Rohan Yadav rohany at alumni.cmu.edu
Fri Aug 11 12:23:15 CDT 2023


Hi,

I was wondering what the official status of 64-bit integer support in the
PETSc GPU backend is (specifically CUDA). This question comes from the
result of benchmarking some PETSc code and looking at some sources. In
particular, I found that PETSc's call to cuSPARSE SpMV seems to always be
using the 32-bit integer call, even if I compile PETSc with
`--with-64-bit-indices`. After digging around more, I see that PETSc always
only creates 32-bit cuSPARSE matrices as well:
https://gitlab.com/petsc/petsc/-/blob/v3.19.4/src/mat/impls/aij/seq/seqcusparse/aijcusparse.cu?ref_type=tags#L2501.
I was looking around for a switch somewhere to 64 bit integers inside this
code, but everything seems to be pretty hardcoded with `THRUSTINTARRAY32`.

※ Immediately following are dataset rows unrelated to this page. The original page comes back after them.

(* For integers $1\le i<r$, \[ C_{i+1,r}=C_{i,r}+\sum_{k=r-i+1}^{r-1}C_{r-i+1,k}\,C_{r-k,r-k}-\sum_{k=i}^{r-1}C_{i,k}\,C_{r-k,r-k}, \] with initial values $C_{1,r}=(-1)^r/(r+1)$ for $r\ge1$.
   Context: Bernoulli numbers $B_n$ are defined by $\sum_{n\ge0}B_n x^n/n! = xe^x/(e^x-1)$. For a finite set $S\subset\mathbb Z_{\ge0}^r$, $C(S)=(-1)^r\sum_{(n_1,\dots,n_r)\in S}\prod_{j}B_{n_j}/n_j!$. For $1\le i\le r$, $C_{i,r}=C(S)$ where $S$ is the set of $(n_1,\dots,n_r)\in\mathbb Z_{\ge0}^r$ with $n_1+\dots+n_r=r$, $n_1+\dots+n_j<j$ for $1\le j<i$, and $n_{j+1}+\dots+n_r\le r-j$ for $i\le j<r$. (These are the coefficients $C^{(1,\dots,1,0,\dots,0)}$ with $i-1$ ones and $r-i$ zeros of the asymptotic expansion of the Euler–Zagier multiple zeta function at the origin.) *)

theory Defs
  imports Complex_Main "HOL-Computational_Algebra.Formal_Power_Series"
begin

text \<open>Bernoulli numbers with the convention  x e^x / (e^x - 1) = sum B_n x^n / n!
  (so B_1 = +1/2), defined as coefficients of the formal power series.\<close>
definition bernoulli_gf :: "real fps" where
  "bernoulli_gf = fps_X * fps_exp 1 / (fps_exp 1 - 1)"

definition bern :: "nat \<Rightarrow> real" where
  "bern n = fact n * fps_nth bernoulli_gf n"

text \<open>Tuples (n_1,...,n_r) are functions nat => nat supported on {1..r}.
  C(S) = (-1)^r * sum over S of prod_j B_{n_j}/n_j!.\<close>
definition Cset :: "nat \<Rightarrow> (nat \<Rightarrow> nat) set \<Rightarrow> real" where
  "Cset r S = (-1) ^ r * (\<Sum>n\<in>S. \<Prod>j=1..r. bern (n j) / fact (n j))"

definition Sidx :: "nat \<Rightarrow> nat \<Rightarrow> (nat \<Rightarrow> nat) set" where
  "Sidx i r = {n. (\<forall>j. j \<notin> {1..r} \<longrightarrow> n j = 0)
      \<and> (\<Sum>j=1..r. n j) = r
      \<and> (\<forall>j. 1 \<le> j \<and> j < i \<longrightarrow> (\<Sum>l=1..j. n l) < j)
      \<and> (\<forall>j. i \<le> j \<and> j < r \<longrightarrow> (\<Sum>l=j+1..r. n l) \<le> r - j)}"

definition Ccoef :: "nat \<Rightarrow> nat \<Rightarrow> real" where
  "Ccoef i r = Cset r (Sidx i r)"

end

theory Submission
  imports Defs
begin

text \<open>
  Let \<open>L = -log (1 - x)\<close> and \<open>D = L / x\<close>; the Bernoulli generating function
  \<open>\<phi>(x) = x e^x / (e^x - 1)\<close> satisfies \<open>\<phi>(L) = D\<close>. Weight a tuple by \<open>\<Prod> B(n_j) / n_j!\<close> and read
  it as the path of its partial sums. A first-step decomposition shows that the tuples whose path
  stays strictly below the diagonal are counted by coefficients of powers of \<open>L\<close>, and those that
  start at height \<open>h\<close> and stay weakly above it by coefficients of \<open>L^h D\<close>. Cutting an admissible
  tuple at position \<open>i\<close> therefore exhibits \<open>(-1)^r C(i,r)\<close> as the coefficient of
  \<open>u^(i-1) t^(r-i+1)\<close> in a bivariate series \<open>K(u, t)\<close>, and a telescoping sum gives
  \<open>K(u, t) (L(u) - L(t)) = t D(t) (D(u) - D(t))\<close>. Writing \<open>D = 1 / (1 - E)\<close>, this functional
  equation and the symmetry of \<open>K\<close> it implies, read coefficientwise, give the recursion; the
  initial values are the coefficients of \<open>D\<close>.
\<close>

unbundle fps_syntax

subsection \<open>The series \<open>L\<close> and \<open>D\<close>\<close>

definition L_fps :: "real fps" where
  "L_fps = Abs_fps (\<lambda>n. if n = 0 then 0 else 1 / real n)"

definition D_fps :: "real fps" where
  "D_fps = Abs_fps (\<lambda>n. 1 / (real n + 1))"

lemma L_fps_eq: "L_fps = fps_X * D_fps"
  by (auto simp: fps_eq_iff L_fps_def D_fps_def of_nat_diff)

lemma L_fps_nth_0 [simp]: "L_fps $ 0 = 0"
  by (simp add: L_fps_def)

lemma D_fps_nth_0 [simp]: "D_fps $ 0 = 1"
  by (simp add: D_fps_def)

lemma bern_div_fact: "bern n / fact n = bernoulli_gf $ n"
  by (simp add: bern_def)

lemma bernoulli_gf_mult: "bernoulli_gf * (fps_exp 1 - 1) = fps_X * fps_exp 1"
proof -
  have "subdegree (fps_exp (1::real) - 1) = 1"
    by (rule subdegreeI) auto
  moreover have "subdegree (fps_X * fps_exp (1::real)) = 1"
    by (rule subdegreeI) auto
  moreover have "fps_exp (1::real) - 1 \<noteq> 0"
  proof
    assume "fps_exp (1::real) - 1 = 0"
    then have "(fps_exp (1::real) - 1) $ 1 = 0"
      by simp
    then show False
      by simp
  qed
  ultimately show ?thesis
    unfolding bernoulli_gf_def by (intro fps_times_divide_eq) auto
qed

lemma bernoulli_gf_nth_0 [simp]: "bernoulli_gf $ 0 = 1"
proof -
  have "(bernoulli_gf * (fps_exp 1 - 1)) $ 1 = (fps_X * fps_exp (1::real)) $ 1"
    by (simp add: bernoulli_gf_mult)
  then show ?thesis
    by (simp add: fps_mult_nth_1)
qed

lemma fps_deriv_L_fps: "fps_deriv L_fps * (1 - fps_X) = 1"
proof -
  have "fps_deriv L_fps = Abs_fps (\<lambda>n. 1)"
    by (simp add: fps_eq_iff L_fps_def fps_deriv_def del: of_nat_Suc)
  moreover have "Abs_fps (\<lambda>n. 1::real) * (1 - fps_X) = 1"
    by (simp add: fps_eq_iff right_diff_distrib)
  ultimately show ?thesis
    by simp
qed

lemma fps_exp_compose_L_fps: "(fps_exp 1 oo L_fps) * (1 - fps_X) = 1"
proof -
  define G where "G = fps_exp (1::real) oo L_fps"
  have "fps_deriv (G * (1 - fps_X)) = G * (fps_deriv L_fps * (1 - fps_X)) - G"
    by (simp add: G_def fps_compose_deriv fps_deriv_mult algebra_simps)
  then have "fps_deriv (G * (1 - fps_X)) = 0"
    by (simp add: fps_deriv_L_fps)
  then have "G * (1 - fps_X) = fps_const ((G * (1 - fps_X)) $ 0)"
    using fps_deriv_eq_0_iff by blast
  then show ?thesis
    by (simp add: G_def)
qed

As expected, this all works when the range of coordinates in each sparse
matrix partition is less than INT_MAX, but PETSc GPU code breaks in
different ways (calling cuBLAS and cuSPARSE) when trying a (synthetic)
problem that needs 64 bit integers:

```
#include "petscmat.h"
#include "petscvec.h"
#include "petsc.h"

int main(int argc, char** argv) {
  PetscInt ierr;
  PetscInitialize(&argc, &argv, (char *)0, "GPU bug");

  PetscInt numRows = 1;
  PetscInt numCols = PetscInt(INT_MAX) * 2;

  Mat A;
  PetscInt rowStart, rowEnd;
  ierr = MatCreate(PETSC_COMM_WORLD, &A); CHKERRQ(ierr);
  MatSetSizes(A, PETSC_DECIDE, PETSC_DECIDE, numRows, numCols);
  MatSetType(A, MATMPIAIJ);
  MatSetFromOptions(A);

  MatSetValue(A, 0, 0, 1.0, INSERT_VALUES);
  MatSetValue(A, 0, numCols - 1, 1.0, INSERT_VALUES);
  MatAssemblyBegin(A, MAT_FINAL_ASSEMBLY);
  MatAssemblyEnd(A, MAT_FINAL_ASSEMBLY);

  Vec b;
  ierr = VecCreate(PETSC_COMM_WORLD, &b); CHKERRQ(ierr);
  VecSetSizes(b, PETSC_DECIDE, numCols);
  VecSetFromOptions(b);
  VecSet(b, 0.0);
  VecSetValue(b, 0, 42.0, INSERT_VALUES);
  VecSetValue(b, numCols - 1, 58.0, INSERT_VALUES);
  VecAssemblyBegin(b);
  VecAssemblyEnd(b);

  Vec x;
  ierr = VecCreate(PETSC_COMM_WORLD, &x); CHKERRQ(ierr);
  VecSetSizes(x, PETSC_DECIDE, numRows);
  VecSetFromOptions(x);
  VecSet(x, 0.0);

  MatMult(A, b, x);
  PetscScalar result;
  VecSum(x, &result);
  PetscPrintf(PETSC_COMM_WORLD, "Result of mult: %f\n", result);
  PetscFinalize();
}
```

When this program is run on CPUs, it outputs 100.0, as expected.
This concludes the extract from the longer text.